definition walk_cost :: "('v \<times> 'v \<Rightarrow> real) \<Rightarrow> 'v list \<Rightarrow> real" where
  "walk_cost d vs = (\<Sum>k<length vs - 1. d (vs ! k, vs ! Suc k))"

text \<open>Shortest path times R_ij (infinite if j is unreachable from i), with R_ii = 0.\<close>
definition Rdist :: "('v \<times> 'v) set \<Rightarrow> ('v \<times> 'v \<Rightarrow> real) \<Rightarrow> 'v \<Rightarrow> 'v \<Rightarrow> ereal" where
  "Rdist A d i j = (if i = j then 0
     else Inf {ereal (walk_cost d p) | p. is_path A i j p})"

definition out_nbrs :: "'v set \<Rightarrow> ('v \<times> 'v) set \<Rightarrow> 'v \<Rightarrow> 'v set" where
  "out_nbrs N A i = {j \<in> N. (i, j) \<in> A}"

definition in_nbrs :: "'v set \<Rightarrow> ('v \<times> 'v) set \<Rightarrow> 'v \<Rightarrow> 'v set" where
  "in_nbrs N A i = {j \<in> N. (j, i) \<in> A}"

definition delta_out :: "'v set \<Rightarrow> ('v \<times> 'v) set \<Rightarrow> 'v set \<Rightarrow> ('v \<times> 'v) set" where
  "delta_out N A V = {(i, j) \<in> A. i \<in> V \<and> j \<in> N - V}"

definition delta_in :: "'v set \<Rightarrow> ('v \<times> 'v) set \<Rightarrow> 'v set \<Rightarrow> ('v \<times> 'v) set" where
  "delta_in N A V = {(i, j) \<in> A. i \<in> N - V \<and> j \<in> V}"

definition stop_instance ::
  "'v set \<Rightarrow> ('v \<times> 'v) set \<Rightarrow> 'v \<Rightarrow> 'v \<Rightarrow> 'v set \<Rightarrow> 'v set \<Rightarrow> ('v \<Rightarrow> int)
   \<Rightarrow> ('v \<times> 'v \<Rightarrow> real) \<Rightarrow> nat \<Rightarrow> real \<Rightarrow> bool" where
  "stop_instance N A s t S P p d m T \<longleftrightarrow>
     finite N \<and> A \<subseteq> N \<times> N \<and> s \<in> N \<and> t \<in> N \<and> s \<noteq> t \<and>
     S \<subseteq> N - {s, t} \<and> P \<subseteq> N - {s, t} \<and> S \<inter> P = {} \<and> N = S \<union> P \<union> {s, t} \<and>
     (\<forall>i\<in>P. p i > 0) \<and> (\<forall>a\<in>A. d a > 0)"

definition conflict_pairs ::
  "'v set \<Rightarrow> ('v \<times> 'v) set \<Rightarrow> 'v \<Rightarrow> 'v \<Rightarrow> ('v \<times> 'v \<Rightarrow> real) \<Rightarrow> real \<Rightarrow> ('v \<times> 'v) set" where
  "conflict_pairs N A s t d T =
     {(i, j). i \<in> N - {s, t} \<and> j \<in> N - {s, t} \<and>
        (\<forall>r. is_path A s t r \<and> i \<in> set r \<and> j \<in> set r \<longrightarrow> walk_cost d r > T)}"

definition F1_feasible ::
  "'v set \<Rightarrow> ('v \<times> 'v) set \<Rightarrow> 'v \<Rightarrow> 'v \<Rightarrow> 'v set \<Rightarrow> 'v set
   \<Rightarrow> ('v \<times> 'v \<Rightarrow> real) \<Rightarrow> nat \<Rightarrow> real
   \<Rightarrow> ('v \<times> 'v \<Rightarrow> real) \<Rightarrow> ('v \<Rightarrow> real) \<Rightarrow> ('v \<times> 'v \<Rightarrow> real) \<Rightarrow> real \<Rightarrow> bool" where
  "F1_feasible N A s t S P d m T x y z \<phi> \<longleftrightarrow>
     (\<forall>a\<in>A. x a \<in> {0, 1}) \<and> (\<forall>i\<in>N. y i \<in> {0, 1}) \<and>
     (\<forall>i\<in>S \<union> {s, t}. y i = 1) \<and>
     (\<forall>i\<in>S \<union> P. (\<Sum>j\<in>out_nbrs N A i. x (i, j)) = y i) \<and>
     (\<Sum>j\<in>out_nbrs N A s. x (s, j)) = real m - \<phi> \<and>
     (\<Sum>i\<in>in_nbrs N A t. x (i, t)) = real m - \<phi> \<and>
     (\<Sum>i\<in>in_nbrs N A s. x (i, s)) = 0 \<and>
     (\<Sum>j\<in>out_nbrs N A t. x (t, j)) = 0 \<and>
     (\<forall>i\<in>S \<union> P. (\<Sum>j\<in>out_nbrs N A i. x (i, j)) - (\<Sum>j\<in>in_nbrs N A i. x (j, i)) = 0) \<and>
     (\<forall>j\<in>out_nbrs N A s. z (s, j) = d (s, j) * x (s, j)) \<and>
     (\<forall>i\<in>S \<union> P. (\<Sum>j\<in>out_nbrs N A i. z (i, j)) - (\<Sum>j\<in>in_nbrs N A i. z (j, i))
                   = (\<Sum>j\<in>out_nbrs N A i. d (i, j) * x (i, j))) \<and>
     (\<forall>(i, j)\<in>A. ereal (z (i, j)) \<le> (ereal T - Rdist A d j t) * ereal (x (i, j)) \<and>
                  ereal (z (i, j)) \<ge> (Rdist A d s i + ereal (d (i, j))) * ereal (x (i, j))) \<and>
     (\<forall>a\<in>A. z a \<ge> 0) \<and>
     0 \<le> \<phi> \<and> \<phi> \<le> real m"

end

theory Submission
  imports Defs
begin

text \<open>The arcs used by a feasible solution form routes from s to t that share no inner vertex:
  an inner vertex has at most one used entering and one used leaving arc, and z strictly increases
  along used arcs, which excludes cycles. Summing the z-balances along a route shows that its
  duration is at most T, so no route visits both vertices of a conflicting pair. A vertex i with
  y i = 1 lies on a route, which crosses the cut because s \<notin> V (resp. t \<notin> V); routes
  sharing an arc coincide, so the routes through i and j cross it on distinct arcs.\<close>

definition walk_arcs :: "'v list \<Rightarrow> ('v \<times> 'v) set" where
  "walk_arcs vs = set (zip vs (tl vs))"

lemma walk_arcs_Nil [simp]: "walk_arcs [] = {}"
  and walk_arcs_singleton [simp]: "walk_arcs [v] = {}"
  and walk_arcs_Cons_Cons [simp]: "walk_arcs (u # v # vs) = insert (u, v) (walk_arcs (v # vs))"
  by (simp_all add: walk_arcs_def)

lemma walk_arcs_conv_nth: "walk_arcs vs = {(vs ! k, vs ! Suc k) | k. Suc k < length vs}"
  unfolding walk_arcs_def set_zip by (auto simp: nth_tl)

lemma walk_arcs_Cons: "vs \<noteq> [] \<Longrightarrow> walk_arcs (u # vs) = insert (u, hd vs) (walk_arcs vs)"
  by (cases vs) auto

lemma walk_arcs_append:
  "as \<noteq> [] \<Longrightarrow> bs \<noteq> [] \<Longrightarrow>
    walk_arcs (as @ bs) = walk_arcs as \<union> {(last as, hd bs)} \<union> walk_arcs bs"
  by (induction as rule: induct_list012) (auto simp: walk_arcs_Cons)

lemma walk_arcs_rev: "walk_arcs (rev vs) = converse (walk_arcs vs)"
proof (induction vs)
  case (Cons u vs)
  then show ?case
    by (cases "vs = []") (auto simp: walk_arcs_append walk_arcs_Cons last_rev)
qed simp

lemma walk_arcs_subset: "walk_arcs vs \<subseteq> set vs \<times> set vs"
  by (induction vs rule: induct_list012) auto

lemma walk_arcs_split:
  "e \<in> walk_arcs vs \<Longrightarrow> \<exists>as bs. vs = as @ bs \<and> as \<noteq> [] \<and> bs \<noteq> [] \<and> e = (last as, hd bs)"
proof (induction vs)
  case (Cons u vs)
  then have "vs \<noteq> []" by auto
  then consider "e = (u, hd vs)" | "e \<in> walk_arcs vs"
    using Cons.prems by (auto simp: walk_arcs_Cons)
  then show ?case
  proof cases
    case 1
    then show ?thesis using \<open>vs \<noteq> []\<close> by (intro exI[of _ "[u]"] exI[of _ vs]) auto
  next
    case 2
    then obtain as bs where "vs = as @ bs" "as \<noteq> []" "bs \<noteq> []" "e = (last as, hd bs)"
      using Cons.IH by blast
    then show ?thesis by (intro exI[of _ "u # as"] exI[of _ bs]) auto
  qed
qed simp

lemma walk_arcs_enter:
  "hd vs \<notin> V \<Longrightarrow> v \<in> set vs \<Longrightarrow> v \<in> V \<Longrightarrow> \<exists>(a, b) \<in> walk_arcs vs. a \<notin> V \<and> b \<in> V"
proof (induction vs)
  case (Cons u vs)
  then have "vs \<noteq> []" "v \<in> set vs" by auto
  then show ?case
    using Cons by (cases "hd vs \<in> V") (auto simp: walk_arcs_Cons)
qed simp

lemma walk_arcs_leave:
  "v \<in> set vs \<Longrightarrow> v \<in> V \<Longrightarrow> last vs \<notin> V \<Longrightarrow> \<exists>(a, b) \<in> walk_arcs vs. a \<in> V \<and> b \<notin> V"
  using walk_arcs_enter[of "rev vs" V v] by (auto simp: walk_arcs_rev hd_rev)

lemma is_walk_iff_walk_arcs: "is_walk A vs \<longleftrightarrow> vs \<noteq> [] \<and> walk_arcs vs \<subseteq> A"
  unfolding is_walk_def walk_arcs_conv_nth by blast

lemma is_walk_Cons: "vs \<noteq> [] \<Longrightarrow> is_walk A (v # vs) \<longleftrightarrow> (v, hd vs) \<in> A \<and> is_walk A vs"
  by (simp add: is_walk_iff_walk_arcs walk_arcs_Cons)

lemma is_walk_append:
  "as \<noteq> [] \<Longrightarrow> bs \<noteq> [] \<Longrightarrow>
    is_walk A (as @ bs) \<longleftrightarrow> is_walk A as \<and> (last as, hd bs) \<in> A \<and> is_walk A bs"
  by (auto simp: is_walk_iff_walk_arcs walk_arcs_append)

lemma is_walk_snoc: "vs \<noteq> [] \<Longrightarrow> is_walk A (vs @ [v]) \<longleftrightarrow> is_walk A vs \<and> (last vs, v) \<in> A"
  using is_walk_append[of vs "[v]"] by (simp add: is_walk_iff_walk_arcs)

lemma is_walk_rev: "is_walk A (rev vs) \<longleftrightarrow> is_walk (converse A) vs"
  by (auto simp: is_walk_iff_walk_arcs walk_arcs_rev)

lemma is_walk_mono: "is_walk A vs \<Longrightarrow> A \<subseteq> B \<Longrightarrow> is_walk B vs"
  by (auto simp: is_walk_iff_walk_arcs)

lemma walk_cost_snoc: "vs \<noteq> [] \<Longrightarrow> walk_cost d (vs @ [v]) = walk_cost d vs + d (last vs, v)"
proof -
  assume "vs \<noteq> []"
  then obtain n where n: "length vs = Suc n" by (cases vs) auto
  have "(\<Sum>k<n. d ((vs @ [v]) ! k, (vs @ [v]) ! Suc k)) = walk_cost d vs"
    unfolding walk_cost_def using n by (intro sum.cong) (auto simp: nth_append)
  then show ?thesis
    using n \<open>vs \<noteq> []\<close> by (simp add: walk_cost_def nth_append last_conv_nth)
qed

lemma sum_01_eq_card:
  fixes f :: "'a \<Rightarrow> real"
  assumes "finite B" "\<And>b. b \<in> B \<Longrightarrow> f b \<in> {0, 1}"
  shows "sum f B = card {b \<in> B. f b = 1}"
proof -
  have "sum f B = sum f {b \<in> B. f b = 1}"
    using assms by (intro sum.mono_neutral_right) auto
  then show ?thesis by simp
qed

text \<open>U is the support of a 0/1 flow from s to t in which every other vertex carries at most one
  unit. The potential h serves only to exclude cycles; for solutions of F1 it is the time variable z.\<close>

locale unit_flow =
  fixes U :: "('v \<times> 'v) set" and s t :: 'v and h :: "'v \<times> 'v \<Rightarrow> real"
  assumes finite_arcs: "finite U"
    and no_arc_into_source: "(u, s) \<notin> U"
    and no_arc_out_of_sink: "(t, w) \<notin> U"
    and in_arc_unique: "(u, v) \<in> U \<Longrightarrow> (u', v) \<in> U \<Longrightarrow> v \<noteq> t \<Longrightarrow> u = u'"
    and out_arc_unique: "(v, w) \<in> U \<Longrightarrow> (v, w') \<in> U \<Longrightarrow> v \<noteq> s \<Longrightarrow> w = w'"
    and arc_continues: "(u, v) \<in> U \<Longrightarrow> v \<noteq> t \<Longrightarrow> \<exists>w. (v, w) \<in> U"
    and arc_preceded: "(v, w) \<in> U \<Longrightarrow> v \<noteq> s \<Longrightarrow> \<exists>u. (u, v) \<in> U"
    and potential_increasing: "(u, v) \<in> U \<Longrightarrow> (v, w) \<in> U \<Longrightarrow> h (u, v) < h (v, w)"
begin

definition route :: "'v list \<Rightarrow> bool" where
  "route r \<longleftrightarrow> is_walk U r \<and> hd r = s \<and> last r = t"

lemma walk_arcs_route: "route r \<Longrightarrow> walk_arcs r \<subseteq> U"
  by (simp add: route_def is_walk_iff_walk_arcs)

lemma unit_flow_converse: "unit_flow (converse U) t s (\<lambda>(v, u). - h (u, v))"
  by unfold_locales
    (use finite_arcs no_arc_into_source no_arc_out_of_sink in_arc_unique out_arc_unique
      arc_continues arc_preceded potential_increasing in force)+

┄┄┄┄┄┄

▸ WHAT IS BEING ASKED:
What lines in the material above include "notin"? Copy every one of them.

▸ FINAL ANSWER:
  y i = 1 lies on a route, which crosses the cut because s \<notin> V (resp. t \<notin> V); routes
  "hd vs \<notin> V \<Longrightarrow> v \<in> set vs \<Longrightarrow> v \<in> V \<Longrightarrow> \<exists>(a, b) \<in> walk_arcs vs. a \<notin> V \<and> b \<in> V"
  "v \<in> set vs \<Longrightarrow> v \<in> V \<Longrightarrow> last vs \<notin> V \<Longrightarrow> \<exists>(a, b) \<in> walk_arcs vs. a \<in> V \<and> b \<notin> V"
    and no_arc_into_source: "(u, s) \<notin> U"
    and no_arc_out_of_sink: "(t, w) \<notin> U"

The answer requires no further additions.